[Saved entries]
[Start of Attachment]
lemma prot_gate_sharing:
  assumes sh: "list_all2 is_sharing sts vs" and wf: "gate_wf (length vs) g"
  obtains st v where "prot_gate r rA rB H x sts g = (st, {})"
    and "eval_step x vs g = vs @ [v]" and "is_sharing st v"
proof (cases g)
  case (Inp p)
  then show ?thesis
    using list_all2_lengthD[OF sh]
    by (intro that) (simp add: eval_step_def prot_gate_Inp is_sharing_shared)+
next
  case (AddG i j)
  with wf obtain a1 a2 a3 b1 b2 b3
    where "sts ! i = shared (vs ! i) a1 a2 a3" and "sts ! j = shared (vs ! j) b1 b2 b3"
    by (auto simp: gate_wf_def elim!: list_all2_is_sharing_nth[OF sh])
  with AddG show ?thesis
    by (intro that) (simp add: eval_step_def prot_gate_AddG is_sharing_shared)+
next
  case (MulG i j)
  with wf obtain a1 a2 a3 b1 b2 b3
    where "sts ! i = shared (vs ! i) a1 a2 a3" and "sts ! j = shared (vs ! j) b1 b2 b3"
    by (auto simp: gate_wf_def elim!: list_all2_is_sharing_nth[OF sh])
  with MulG show ?thesis
    by (intro that) (simp add: eval_step_def prot_gate_MulG is_sharing_shared)+
qed

lemma prot_run_sharing:
  assumes "wf_circ C"
  shows "list_all2 is_sharing (fst (prot_run r rA rB H x C)) (eval_circ C x)
    \<and> snd (prot_run r rA rB H x C) = {}"
  using assms
proof (induction C rule: rev_induct)
  case Nil
  then show ?case by (simp add: prot_run_def eval_circ_def)
next
  case (snoc g C)
  obtain sts ab where run: "prot_run r rA rB H x C = (sts, ab)" by fastforce
  from snoc run have sh: "list_all2 is_sharing sts (eval_circ C x)" and "ab = {}"
    by (auto simp: wf_circ_snoc)
  moreover have "gate_wf (length (eval_circ C x)) g"
    using snoc.prems by (simp add: wf_circ_snoc length_eval_circ)
  ultimately obtain st v where "prot_gate r rA rB H x sts g = (st, {})"
    and "eval_step x (eval_circ C x) g = eval_circ C x @ [v]" and "is_sharing st v"
    using prot_gate_sharing[OF sh] by metis
  with sh \<open>ab = {}\<close> run show ?case
    by (simp add: prot_run_snoc eval_circ_snoc list_all2_appendI)
qed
[End of Attachment]
Count the lines of the records that include the word "simp", please, and report the number alone.

9